▶ **Work task**
Check each line of the entries below for the word "simp", then state how many lines have it and nothing more.

[Stored items]
theorem mainTheorem9:
  fixes n :: nat and c s F lam :: real
    and f :: "(nat \<Rightarrow> bool) \<Rightarrow> real" and x :: "nat \<Rightarrow> bool"
  assumes "c > 0" and "s > 0" and "F > 1"
    and "c \<le> real n"
    and "monotone_bitfun n f"
    and "x \<in> bitstrings n"
    and "lam \<ge> 1"
    and "zeros n x > 0"
    and "zeros n x < n"
  shows "measure_pmf.expectation
           (cond_pmf (generation n c f x lam) (event_notA n x lam))
           (\<lambda>(ys, x'). real (zeros n x) - real (zeros n x'))
         \<ge> - c / (1 - exp (- c))
       \<and> measure_pmf.expectation
           (cond_pmf (generation n c f x lam) (event_notA n x lam))
           (\<lambda>(ys, x'). min 1 (real (zeros n x) - real (zeros n x')))
         \<ge> - c / (1 - exp (- c))"
proof -
  let ?C = "cond_pmf (generation n c f x lam) (event_notA n x lam)"
  have m: "1 \<le> card (one_bits n x)" "card (one_bits n x) \<le> n"
    using card_one_bits_add_zeros[of n x] assms(9) by linarith+
  then have ones: "one_bits n x \<noteq> {}" by auto
  have bound: "measure_pmf.expectation ?C (\<lambda>z. real (card (lost_ones n x (snd z)))) \<le> c / (1 - exp (- c))"
    by (rule order.trans[OF cond_expectation_lost_ones_le[OF assms(6,7,1,4) ones assms(5)]
          binomial_success_ratio_le[OF assms(1,4) m]])
  have fin: "finite (set_pmf ?C)"
    using finite_set_pmf_generation[OF assms(6,7), of c f]
    by (simp add: set_cond_pmf[OF event_notA_possible[OF assms(6,7,1,4) ones]])
  have lower: "- c / (1 - exp (- c)) \<le> measure_pmf.expectation ?C H"
    if H: "\<And>ys y. - real (card (lost_ones n x y)) \<le> H (ys, y)" for H
  proof -
    have "measure_pmf.expectation ?C (\<lambda>z. - real (card (lost_ones n x (snd z))))
        \<le> measure_pmf.expectation ?C H"
      by (intro integral_mono integrable_measure_pmf_finite[OF fin]) (metis H prod.collapse)
    then show ?thesis using bound by simp
  qed
  show ?thesis
    using zeros_diff_ge_neg_lost_ones[of n x]
    by (intro conjI lower) (auto simp: min_def)
qed

end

▶ **Answer to the problem**
3